A quiet but consequential shift is underway in Ghana’s energy strategy following the ongoing revival of the Tema Oil Refinery (TOR).
The government is moving to channel portions of locally produced crude oil into domestic refining at TOR, a move driven by recent global shocks, and could redefine the country’s fuel security.
However, this strategy is not without difficult trade-offs. TOR, after years of hibernation, began refining oil again on December 19, 2025. However, all the crude refined in the revamped facilities was imported.
Speaking on recent developments after a visit by the Fellows of the Africa Extractives Media Fellowship (AEMF), TOR’s Managing Director Edmond Kombat revealed how geopolitical tensions in the Middle East have disrupted planned crude deliveries, temporarily halting the refinery.
This disruption has resulted in vessels being diverted mid-journey and freight costs surging from about $3–$4 per barrel to as high as $12. Insurance premiums have also climbed sharply, compounding the cost of importing refined products.
These pressures have strengthened the case for refining more of Ghana’s own crude at home.

The Case for Refining Locally: Security and Savings
Exports explain that the policy is about control. By refining crude domestically, Ghana reduces exposure to volatile global shipping routes and conflict-prone supply chains. Fewer imports mean less vulnerability to freight spikes, insurance shocks, and sudden supply disruptions.
There are also clear economic benefits. Local refining keeps more value within the economy, supporting jobs, building technical capacity, and potentially stabilizing fuel prices over time. TOR’s renewed operations, alongside plans to use more West African and Ghanaian crew, signal a broader push toward energy self-reliance.
For a country that has long relied heavily on imported refined petroleum, the shift could mark a strategic turning point.

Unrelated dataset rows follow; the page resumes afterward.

lemma abs_decaying_upto_escape_ball:
  assumes sets: "sets M = sets borel" and decay: "abs_decaying_upto M C \<gamma> \<rho>0"
    and C: "0 < C" and \<gamma>: "0 < \<gamma>"
    and \<alpha>: "0 < \<alpha>" "\<alpha> \<le> 1/4" "\<alpha> \<le> 1/4 * (1 / (3 * C)) powr (1 / \<gamma>)"
    and x: "x \<in> msupp M" and r: "0 < r" "r \<le> \<rho>0"
  shows "\<exists>x'\<in>msupp M. dist x x' \<le> (1 - \<alpha>) * r \<and> 3 * \<alpha> * r < dist x' y"
proof -
  define \<epsilon> where "\<epsilon> = 3 * \<alpha> / (1 - \<alpha>)"
  have \<epsilon>: "0 < \<epsilon>" "\<epsilon> \<le> 4 * \<alpha>" "\<epsilon> * ((1 - \<alpha>) * r) = 3 * \<alpha> * r"
    using \<alpha> by (auto simp: \<epsilon>_def field_simps)
  have "\<epsilon> powr \<gamma> \<le> ((1 / (3 * C)) powr (1 / \<gamma>)) powr \<gamma>"
    using \<epsilon> \<alpha> \<gamma> by (intro powr_mono2) auto
  also have "\<dots> = 1 / (3 * C)"
    using C \<gamma> by (simp add: powr_powr)
  finally have decay_small: "C * \<epsilon> powr \<gamma> \<le> 1"
    using C by (simp add: field_simps)
  have "(1 - \<alpha>) * r \<le> 1 * r"
    using \<alpha> r by (intro mult_right_mono) auto
  with r have "(1 - \<alpha>) * r \<le> \<rho>0" by linarith
  moreover have "0 < (1 - \<alpha>) * r"
    using \<alpha> r by simp
  ultimately show ?thesis
    using abs_decaying_upto_escape[OF sets decay \<epsilon>(1) decay_small x, of "(1 - \<alpha>) * r" y] \<epsilon>(3)
    by simp
qed
(* Assume $P_{XY}\in\mathcal{H}_{XY}$. Let $\Omega_u=\{\omega_1<\dots<\omega_{|\mathcal{X}|}\}\subset\{1,\dots,|\mathcal{Y}|\}$ with $M_{\Omega_u}$ invertible, and let $J_u\in\mathbb{R}^{|\mathcal{X}|}$ with $\sum_xJ_u(x)=0$ and $\sum_x|J_u(x)|\le1$. For $\epsilon>0$ let $V^*_{\Omega_u}\in\mathbb{R}^{|\mathcal{Y}|}$ be defined by $V^*_{\Omega_u}(\omega_i)=\left(M_{\Omega_u}^{-1}MP_Y+\epsilon M_{\Omega_u}^{-1}M\begin{bmatrix}P_{X|Y_1}^{-1}J_u\\0\end{bmatrix}\right)(i)$ for $1\le i\le|\mathcal{X}|$ and $V^*_{\Omega_u}(j)=0$ for $j\notin\Omega_u$, and suppose $V^*_{\Omega_u}$ is an extreme point of $\mathbb{S}_u$ for all sufficiently small $\epsilon>0$. Then, for $P_{Y|U=u}=V^*_{\Omega_u}$, as $\epsilon\to0^+$, $$H(P_{Y|U=u})=-\sum_{y=1}^{|\mathcal{Y}|}P_{Y|U=u}(y)\log P_{Y|U=u}(y)=-(b_u+\epsilon a_uJ_u)+o(\epsilon),$$ where $l_u=\left[\log\left((M_{\Omega_u}^{-1}MP_Y)(i)\right)\right]_{i=1,\dots,|\mathcal{X}|}\in\mathbb{R}^{1\times|\mathcal{X}|}$, $b_u=l_u\left(M_{\Omega_u}^{-1}MP_Y\right)$, and $a_u=l_u\left(M_{\Omega_u}^{-1}M(1\!:\!|\mathcal{X}|)P_{X|Y_1}^{-1}\right)\in\mathbb{R}^{1\times|\mathcal{X}|}$.
   Context: Setting: $X,Y$ on finite alphabets with $|\mathcal{X}|<|\mathcal{Y}|$, joint pmf $P_{XY}$, marginal vectors $P_X,P_Y$ with positive entries. $P_{X|Y}\in\mathbb{R}^{|\mathcal{X}|\times|\mathcal{Y}|}$ has full row rank and $P_{X|Y}=[P_{X|Y_1},P_{X|Y_2}]$ with $P_{X|Y_1}$ (first $|\mathcal{X}|$ columns) invertible. With an SVD $P_{X|Y}=U\Sigma V^T$, $V=[v_1,\dots,v_{|\mathcal{Y}|}]$, set $M=[v_1,\dots,v_{|\mathcal{X}|}]^T$; $M_\Omega$ is the submatrix of $M$ with columns indexed by $\Omega$ and $M(1\!:\!|\mathcal{X}|)$ the submatrix of its first $|\mathcal{X}|$ columns. The zero block has size $|\mathcal{Y}|-|\mathcal{X}|$. $\mathbb{S}_u=\{y\in\mathbb{R}^{|\mathcal{Y}|}: My=MP_Y+\epsilon M\begin{bmatrix}P_{X|Y_1}^{-1}J_u\\0\end{bmatrix},\ y\ge0\}$. $\mathcal{H}_{XY}$ is the set of joint distributions $P_{XY}$ such that for every $\Omega\subset\{1,\dots,|\mathcal{Y}|\}$ with $|\Omega|=|\mathcal{X}|$ and $M_\Omega$ invertible, if $t_\Omega=M_\Omega^{-1}MP_Y$ lies in the probability simplex $\{x\in\mathbb{R}^{|\mathcal{X}|}_{\ge0}:\mathbf{1}^Tx=1\}$ then all entries of $t_\Omega$ are strictly positive. Convention $0\log0=0$. *)

theory Defs
  imports "Jordan_Normal_Form.DL_Rank_Submatrix" "HOL-Library.Landau_Symbols"
begin
lemma orbit_SXset_iff:
  assumes sp: "\<And>x y. x \<in> Xs n m \<Longrightarrow> y \<in> Xs n m \<Longrightarrow> psi x y = psi y x"
    and sc: "\<And>x y. x \<in> Xs n m \<Longrightarrow> y \<in> Xs n m \<Longrightarrow> chi x y = chi y x"
  shows "orbit_SXset n m (psi' psi) (psi' chi) \<longleftrightarrow> orbit_SX2 n m psi chi"
proof -
  have "(\<forall>S\<in>P12 (Xs n m). psi' chi S = \<beta> (psi' psi (\<alpha> ` S)))
    \<longleftrightarrow> (\<forall>x1\<in>Xs n m. \<forall>x2\<in>Xs n m. chi x1 x2 = \<beta> (psi (\<alpha> x1) (\<alpha> x2)))"
    if \<alpha>: "\<alpha> permutes Xs n m" for \<alpha> and \<beta> :: "nat \<Rightarrow> nat"
  proof -
    have pair: "psi' chi {a, b} = \<beta> (psi' psi (\<alpha> ` {a, b})) \<longleftrightarrow> chi a b = \<beta> (psi (\<alpha> a) (\<alpha> b))"
      if "a \<in> Xs n m" "b \<in> Xs n m" for a b
      using that permutes_in_image[OF \<alpha>] psi'_pair[OF sc that] psi'_pair[OF sp, where a="\<alpha> a" and b="\<alpha> b"]
      by simp
    show ?thesis
      using pair pair_in_P12 P12_pair by metis
  qed
  then show ?thesis
    unfolding orbit_SXset_def orbit_SX2_def by blast
qed

theorem lemma6p2:
  fixes n m :: nat and psi chi :: "nat \<Rightarrow> nat \<Rightarrow> nat"
  assumes "2 \<le> m" and "m \<le> n - 1"
    and "in_Z n m psi" and "in_Z n m chi"
  shows "(H_iso n m psi chi \<longleftrightarrow> orbit_SX2 n m psi chi)
       \<and> ((H_iso n m psi chi \<or> H_anti_iso n m psi chi) \<longleftrightarrow> orbit_2SX2 n m psi chi)
       \<and> (H_commutative n m psi \<and> H_commutative n m chi \<longrightarrow>
            (H_iso n m psi chi \<longleftrightarrow> orbit_SXset n m (psi' psi) (psi' chi)))"
proof -
  have m: "1 \<le> m" "m < n"
    using assms(1,2) by auto
  have iso: "H_iso n m psi chi \<longleftrightarrow> orbit_SX2 n m psi chi"
    using iso_iff_orbit[OF m assms(3,4)] .
  have anti: "H_anti_iso n m psi chi \<longleftrightarrow> orbit_SX2 n m (opp psi) chi"
    using anti_iso_iff_iso_opp iso_iff_orbit[OF m in_Z_opp[OF assms(3)] assms(4)] by blast
  have comm: "orbit_SXset n m (psi' psi) (psi' chi) \<longleftrightarrow> orbit_SX2 n m psi chi"
    if "H_commutative n m psi" "H_commutative n m chi"
    using orbit_SXset_iff H_commutative_sym that by blast
  show ?thesis
    using iso anti comm orbit_2SX2_iff by blast
qed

The Trade-Offs: Efficiency, Cost, and Capacity Risks
Yet, the decision is far from straightforward. Refining crude locally is only advantageous if it is done efficiently.
TOR has historically struggled with operational and financial challenges, and skeptics question whether it can consistently process crude at competitive costs compared to international refineries.
As revealed to The High Street Journal by a former Minister for Energy, an earlier allocation by GNPC to TOR for a refinery in times past encountered payment challenges, leading to losses. This even increases the risk for the country.
There is also the issue of opportunity cost. Ghanaian crude sold on the international market can fetch immediate foreign exchange. Diverting it for domestic refining may reduce short-term dollar inflows, at a time when foreign exchange remains critical for economic stability.

Balancing National Interest with Market Realities
The government’s evolving stance, now placing Ghanaian crude on a refining schedule, reflects a shift from long-standing skepticism about TOR’s viability. Where some had written off the refinery entirely, renewed activity is forcing a rethink.
If managed well, local refining could reduce Ghana’s exposure to global shocks, create jobs, and strengthen energy security. If mismanaged, it risks becoming a costly experiment, tying up valuable crude in an inefficient system while sacrificing foreign exchange earnings.
Ultimately, Ghana’s decision is a strategic gamble between resilience and efficiency.
However, global instability has made it clear that dependence on distant supply chains carries real risks. But replacing that dependence with a domestic system that is not yet fully optimized carries its own.
The real test will not just be whether it can be done, but whether it can be done sustainably, competitively, and in the long-term national interest.